Most Q-CPs in this study were ACPs and the majority were cystic, with more than half of the tumors being almost entirely cystic. Hydrocephalus was rare, and hypopituitarism is more serious than supersellar tumors. The following clinical manifestations were seen: (1) impairment of the optical path structure; (2) impairment of endocrine function, including hypopituitarism, DI, and electrolyte imbalances; and (3) high intracranial pressure triggered by the tumor and hydrocephalus (non-communicative). Long-term postoperative treatment focused on hormone replacement, and severe obesity was rare.

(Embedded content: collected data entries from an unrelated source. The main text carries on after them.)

(* Let $t>0$, $\delta\in D$, $x,y\ge0$, and define $$F^t_{\delta}(\lambda)=\exp\left\{-\frac{\lambda x}{1+2\lambda t}\right\}\exp\left\{-\int_{0}^t \frac{\lambda \delta_{u}}{1+2\lambda (t-u)}du\right\},\qquad b_{\delta,x,y}^t(n):=\frac{\frac{(x/(2t))^n}{n!}\mathcal{L}^{-1}F^t_{\delta+2n}(y)}{\sum_{k=0}^\infty\frac{(x/(2t))^k}{k!}\mathcal{L}^{-1}F^t_{\delta+2k}(y)}.$$ Let $U$ be a Poisson random variable with parameter $x/(2t)$, let $X_1,X_2,\dots$ be i.i.d. exponential random variables with rate $1/(2t)$ (Laplace transform $1/(1+2t\lambda)$), and let $X_*$ be a random variable with Laplace transform $F^t_\delta$, all independent. Then $(b_{\delta,x,y}^t(n))_{n\ge0}$ is the conditional distribution of $U$ given $X_*+X_1+\dots+X_U=y$.
   Context: $D$ denotes the space of piecewise continuous, measurable, locally bounded functions $\mathbb{R}^+\to\mathbb{R}^+$. $\mathcal{L}^{-1}F(y)$ denotes the inverse Laplace transform of $F$ evaluated at $y$ (the density at $y$ of the distribution whose Laplace transform is $F$). *)

theory Defs
  imports "HOL-Probability.Probability"
begin

text \<open>The class D: piecewise continuous, measurable, locally bounded functions
  from [0,oo) to [0,oo). Piecewise continuity is read as: on every compact interval
  [0,a] the function is continuous off a finite set of points.\<close>
definition in_D :: "(real \<Rightarrow> real) \<Rightarrow> bool" where
  "in_D d \<longleftrightarrow> d \<in> borel_measurable borel
     \<and> (\<forall>u\<ge>0. d u \<ge> 0)
     \<and> (\<forall>a\<ge>0. bounded (d ` {0..a}))
     \<and> (\<forall>a\<ge>0. \<exists>S. finite S \<and> continuous_on ({0..a} - S) d)"

definition Fdelta :: "real \<Rightarrow> real \<Rightarrow> (real \<Rightarrow> real) \<Rightarrow> real \<Rightarrow> real" where
  "Fdelta t x d lam =
     exp (- (lam * x / (1 + 2 * lam * t))) *
     exp (- integral {0..t} (\<lambda>u. lam * d u / (1 + 2 * lam * (t - u))))"

text \<open>g is a density (on [0,oo)) of a probability distribution whose Laplace transform is F,
  i.e. g is (a version of) the inverse Laplace transform of F.\<close>
definition is_inv_laplace :: "(real \<Rightarrow> real) \<Rightarrow> (real \<Rightarrow> real) \<Rightarrow> bool" where
  "is_inv_laplace F g \<longleftrightarrow> g \<in> borel_measurable lborel
     \<and> (\<forall>s. g s \<ge> 0) \<and> (\<forall>s<0. g s = 0)
     \<and> prob_space (density lborel g)
     \<and> (\<forall>lam\<ge>0. (\<integral>s. exp (- lam * s) \<partial>(density lborel g)) = F lam)"

text \<open>b^t_{delta,x,y}(n), given the inverse Laplace transforms f k of F^t_{delta+2k}.\<close>
definition bcoef :: "real \<Rightarrow> real \<Rightarrow> (nat \<Rightarrow> real \<Rightarrow> real) \<Rightarrow> real \<Rightarrow> nat \<Rightarrow> real" where
  "bcoef t x f y n =
     ((x / (2 * t)) ^ n / fact n * f n y) /
     (\<Sum>k. (x / (2 * t)) ^ k / fact k * f k y)"

end

theory Submission
  imports Defs
begin

text \<open>Given U = k, the sum Y_k = X_* + X_1 + ... + X_k of independent variables has Laplace
  transform F^t_delta(lam) (1 + 2 lam t)^(-k) = F^t_(delta+2k)(lam), so by uniqueness of Laplace
  transforms its law has density f_k, the inverse Laplace transform of F^t_(delta+2k). As U is
  independent of Y_k, the pair (U, Y_U) has joint law P(U = k) f_k(y) dy, and Bayes' formula gives
  the conditional law of U given Y_U = y; the Poisson factor exp(-x/(2t)) cancels in the quotient.

  Uniqueness of Laplace transforms of laws on [0,oo) is reduced by s |-> exp(-s) to laws on [0,1]:
  there the moments determine the integrals of all continuous functions (Bernstein polynomials),
  hence the characteristic function, hence the law (Levy's uniqueness theorem).\<close>

lemma integrable_comp_exp_neg:
  fixes M :: "real measure" and h :: "real \<Rightarrow> real" and C :: real
  assumes "real_distribution M" and nonneg: "AE s in M. 0 \<le> s"
    and h: "h \<in> borel_measurable borel" and bound: "\<And>u. 0 \<le> u \<Longrightarrow> u \<le> 1 \<Longrightarrow> \<bar>h u\<bar> \<le> C"
  shows "integrable M (\<lambda>s. h (exp (- s)))"
proof -
  interpret real_distribution M by fact
  show ?thesis
    by (rule integrable_const_bound[where B=C]) (use nonneg h bound in \<open>auto elim!: eventually_mono\<close>)
qed

lemma integrable_Bernstein_monomial_comp_exp_neg:
  fixes M :: "real measure"
  assumes "real_distribution M" and "AE s in M. 0 \<le> s"
  shows "integrable M (\<lambda>s. exp (- s) ^ k * (1 - exp (- s)) ^ m)"
  by (rule integrable_comp_exp_neg[OF assms, where C=1])
     (auto simp: abs_mult intro!: mult_le_one power_le_one)

lemma laplace_eq_imp_integral_Bernstein_monomial_eq:
  fixes M1 M2 :: "real measure"
  assumes M1: "real_distribution M1" "AE s in M1. 0 \<le> s"
    and M2: "real_distribution M2" "AE s in M2. 0 \<le> s"
    and laplace: "\<And>n::nat. (\<integral>s. exp (- real n * s) \<partial>M1) = (\<integral>s. exp (- real n * s) \<partial>M2)"
  shows "(\<integral>s. exp (- s) ^ k * (1 - exp (- s)) ^ m \<partial>M1) = (\<integral>s. exp (- s) ^ k * (1 - exp (- s)) ^ m \<partial>M2)"
proof (induction m arbitrary: k)
  case 0
  show ?case using laplace[of k] by (simp add: exp_of_nat_mult[symmetric])
next
  case (Suc m)
  have "exp (- s) ^ k * (1 - exp (- s)) ^ Suc m
       = exp (- s) ^ k * (1 - exp (- s)) ^ m - exp (- s) ^ Suc k * (1 - exp (- s)) ^ m" for s :: real
    by (simp add: algebra_simps)
  then show ?case
    using Suc.IH[of k] Suc.IH[of "Suc k"]
    by (simp add: integrable_Bernstein_monomial_comp_exp_neg[OF M1]
                  integrable_Bernstein_monomial_comp_exp_neg[OF M2] del: power_Suc)
qed

lemma Bernstein_polynomial_tendsto:
  fixes g :: "real \<Rightarrow> real"
  assumes "continuous_on {0..1} g" and "u \<in> {0..1}"
  shows "(\<lambda>n. \<Sum>k\<le>n. g (k / n) * Bernstein n k u) \<longlonglongrightarrow> g u"
proof (rule LIMSEQ_I)
  fix e :: real assume "0 < e"
  then obtain N where "\<forall>n x. N \<le> n \<and> x \<in> {0..1} \<longrightarrow> \<bar>g x - (\<Sum>k\<le>n. g (k / n) * Bernstein n k x)\<bar> < e"
    using Bernstein_Weierstrass[OF assms(1)] by blast
  then show "\<exists>N. \<forall>n\<ge>N. norm ((\<Sum>k\<le>n. g (k / n) * Bernstein n k u) - g u) < e"
    using assms(2) by (auto simp: abs_minus_commute)
qed

lemma Bernstein_polynomial_bound:
  fixes g :: "real \<Rightarrow> real"
  assumes "\<And>v. 0 \<le> v \<Longrightarrow> v \<le> 1 \<Longrightarrow> \<bar>g v\<bar> \<le> C" and "0 \<le> u" "u \<le> 1"
  shows "\<bar>\<Sum>k\<le>n. g (k / n) * Bernstein n k u\<bar> \<le> C"
proof -
  have "\<bar>\<Sum>k\<le>n. g (k / n) * Bernstein n k u\<bar> \<le> (\<Sum>k\<le>n. \<bar>g (k / n)\<bar> * Bernstein n k u)"
    by (rule order.trans[OF sum_abs]) (simp add: abs_mult Bernstein_nonneg assms)
  also have "\<dots> \<le> (\<Sum>k\<le>n. C * Bernstein n k u)"
  proof (rule sum_mono)
    fix k assume "k \<in> {..n}"
    then have "real k / real n \<le> 1"
      by (cases "n = 0") (auto simp: divide_le_eq_1)
    then show "\<bar>g (k / n)\<bar> * Bernstein n k u \<le> C * Bernstein n k u"
      by (intro mult_right_mono assms Bernstein_nonneg) auto
  qed
  also have "\<dots> = C" by (simp add: sum_distrib_left[symmetric])
  finally show ?thesis .
qed

lemma laplace_eq_imp_integral_continuous_eq:
  fixes M1 M2 :: "real measure" and g :: "real \<Rightarrow> real"
  assumes M1: "real_distribution M1" "AE s in M1. 0 \<le> s"
    and M2: "real_distribution M2" "AE s in M2. 0 \<le> s"
    and laplace: "\<And>n::nat. (\<integral>s. exp (- real n * s) \<partial>M1) = (\<integral>s. exp (- real n * s) \<partial>M2)"
    and g: "continuous_on UNIV g"
  shows "(\<integral>s. g (exp (- s)) \<partial>M1) = (\<integral>s. g (exp (- s)) \<partial>M2)"
proof -
  define B where "B n u = (\<Sum>k\<le>n. g (k / n) * Bernstein n k u)" for n u
  have g01: "continuous_on {0..1} g"
    using g by (rule continuous_on_subset) simp
  obtain C where C: "\<And>u. 0 \<le> u \<Longrightarrow> u \<le> 1 \<Longrightarrow> \<bar>g u\<bar> \<le> C"
    using compact_imp_bounded[OF compact_continuous_image[OF g01 compact_Icc]]
    unfolding bounded_iff by fastforce
  have conv: "(\<lambda>n. \<integral>s. B n (exp (- s)) \<partial>M) \<longlonglongrightarrow> (\<integral>s. g (exp (- s)) \<partial>M)"
    if "real_distribution M" and nonneg: "AE s in M. 0 \<le> s" for M
  proof -
    interpret real_distribution M by fact
    show ?thesis
    proof (rule integral_dominated_convergence[where w="\<lambda>_. C"])
      show "AE s in M. (\<lambda>n. B n (exp (- s))) \<longlonglongrightarrow> g (exp (- s))"
        using nonneg by eventually_elim
          (auto simp: B_def intro!: Bernstein_polynomial_tendsto[OF g01])
      show "AE s in M. norm (B n (exp (- s))) \<le> C" for n
        using nonneg by eventually_elim
          (auto simp: B_def intro!: Bernstein_polynomial_bound C)
      show "(\<lambda>s. g (exp (- s))) \<in> borel_measurable M" "(\<lambda>s. B n (exp (- s))) \<in> borel_measurable M" for n
        using borel_measurable_continuous_onI[OF g] by (auto simp: B_def Bernstein_def)
    qed simp
  qed
  have eq: "(\<integral>s. B n (exp (- s)) \<partial>M1) = (\<integral>s. B n (exp (- s)) \<partial>M2)" for n
  proof -
    have "B n (exp (- s)) = (\<Sum>k\<le>n. (g (k / n) * (n choose k)) * (exp (- s) ^ k * (1 - exp (- s)) ^ (n - k)))" for s
      unfolding B_def Bernstein_def by (simp add: mult_ac)
    then show ?thesis
      by (simp add: Bochner_Integration.integral_sum integrable_Bernstein_monomial_comp_exp_neg[OF M1]
          integrable_Bernstein_monomial_comp_exp_neg[OF M2]
          laplace_eq_imp_integral_Bernstein_monomial_eq[OF M1 M2 laplace] del: of_nat_mult)
  qed
  show ?thesis
    using LIMSEQ_unique[OF conv[OF M1]] conv[OF M2] by (simp add: eq)
qed

lemma char_distr_exp_neg:
  fixes M :: "real measure"
  assumes "real_distribution M" and "AE s in M. 0 \<le> s"
  shows "char (distr M borel (\<lambda>s. exp (- s))) \<theta>
           = complex_of_real (\<integral>s. cos (\<theta> * exp (- s)) \<partial>M) + \<i> * complex_of_real (\<integral>s. sin (\<theta> * exp (- s)) \<partial>M)"
proof -
  interpret real_distribution M by fact
  have "char (distr M borel (\<lambda>s. exp (- s))) \<theta> = (CLINT s|M. iexp (\<theta> * exp (- s)))"
    by (simp add: char_def integral_distr)
  also have "\<dots> = (CLINT s|M. complex_of_real (cos (\<theta> * exp (- s))) + \<i> * complex_of_real (sin (\<theta> * exp (- s))))"
    by (simp only: exp_Euler cos_of_real sin_of_real flip: of_real_mult)
  also have "\<dots> = complex_of_real (\<integral>s. cos (\<theta> * exp (- s)) \<partial>M) + \<i> * complex_of_real (\<integral>s. sin (\<theta> * exp (- s)) \<partial>M)"
    using integrable_comp_exp_neg[OF assms, of "\<lambda>u. cos (\<theta> * u)" 1]
      integrable_comp_exp_neg[OF assms, of "\<lambda>u. sin (\<theta> * u)" 1]
    by (simp add: integrable_mult_right)
  finally show ?thesis .
qed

In this cohort, most pediatric Q-CP patients (89.7%) presented with pituitary dysfunction, which manifested as HPTD, GHD, HPAD, HPGD, and/or DI. However, the etiology of hypopituitarism related to the CP is still uncertain.23,24 We found that even patients with tumors < 2 cm in size had some degree of hypopituitarism, suggesting that tumor size is not a major contributor to hypopituitarism pathogenesis. Inflammation in CP was associated with hypopituitarism and calcification, and the expression of many inflammatory cytokines was higher in the severe group than in the mild group. It has been postulated that inflammation has an important role in the pathogenesis of hypopituitarism. A possible mechanism may be as follows: First, inflammatory cytokines play a crucial role in tumor progression, including each of the distinct stages—initiation, promotion, progression, and metastasis. The results of this study showed that many inflammatory cytokines were more highly expressed in the severe group than in the mild group. In particular, MCP-1, IL-1, and IL-1R were found to be highly expressed in the severe group. These inflammatory cytokines can promote cell adhesion, tumor cell invasion, and migration.25 In addition, activation of autophagy in tumor cells has been found to promote hypopituitarism.26 Inflammatory cytokines can also induce the chemotaxis of microglia, promote the formation of the glial proliferation zone, and then induce the migration and infiltration of microglia. Microglia play a regulatory role by maintaining the stemness of the tumor. However, tumor stem cells can alter the phenotype of the microglia, promoting the development of hypopituitarism.27,28,29,30

Implications of the inflammatory response in Q-CP treatment

Inflammatory response is common in Q-CP and is closely related to the biological behavior and clinical prognosis of the disease. There is still controversy surrounding the best treatment for CP, especially for children. Current treatment paradigms, including surgical resection and radiotherapy, have increased morbidity in patients. Therefore, there is a great need for safer and more effective treatments for this disease. In recent years, great efforts have been made to fully detail the genome, transcriptome, and proteome of these tumors to identify potential therapeutic targets. The classical Wnt pathway plays an important role in the inflammatory response in ACP, but there are still no effective drugs that target this pathway. Several lines of evidence have shown that the activation of inflammation and the immune response plays a critical role in ACP progress. The use of inflammatory cytokine inhibitors and immunotherapy may aid in controlling tumor progression, reducing surgical difficulty, and improving long-term endocrine dysfunction.

Conclusion

Q-CPs are histologically benign brain tumors that often follow an aggressive clinical course. Given the relatively young age of patients with Q-CP and the need to improve prognosis, understanding the etiology of hypopituitarism has become increasingly important. Therefore, it is of great significance to elucidate the molecular mechanism by which the inflammatory response impacts CP pathogenesis. Analysis of these mechanisms has the potential to identify immunological therapeutic targets, which may help to reduce the difficulty of CP surgery and improve prognosis.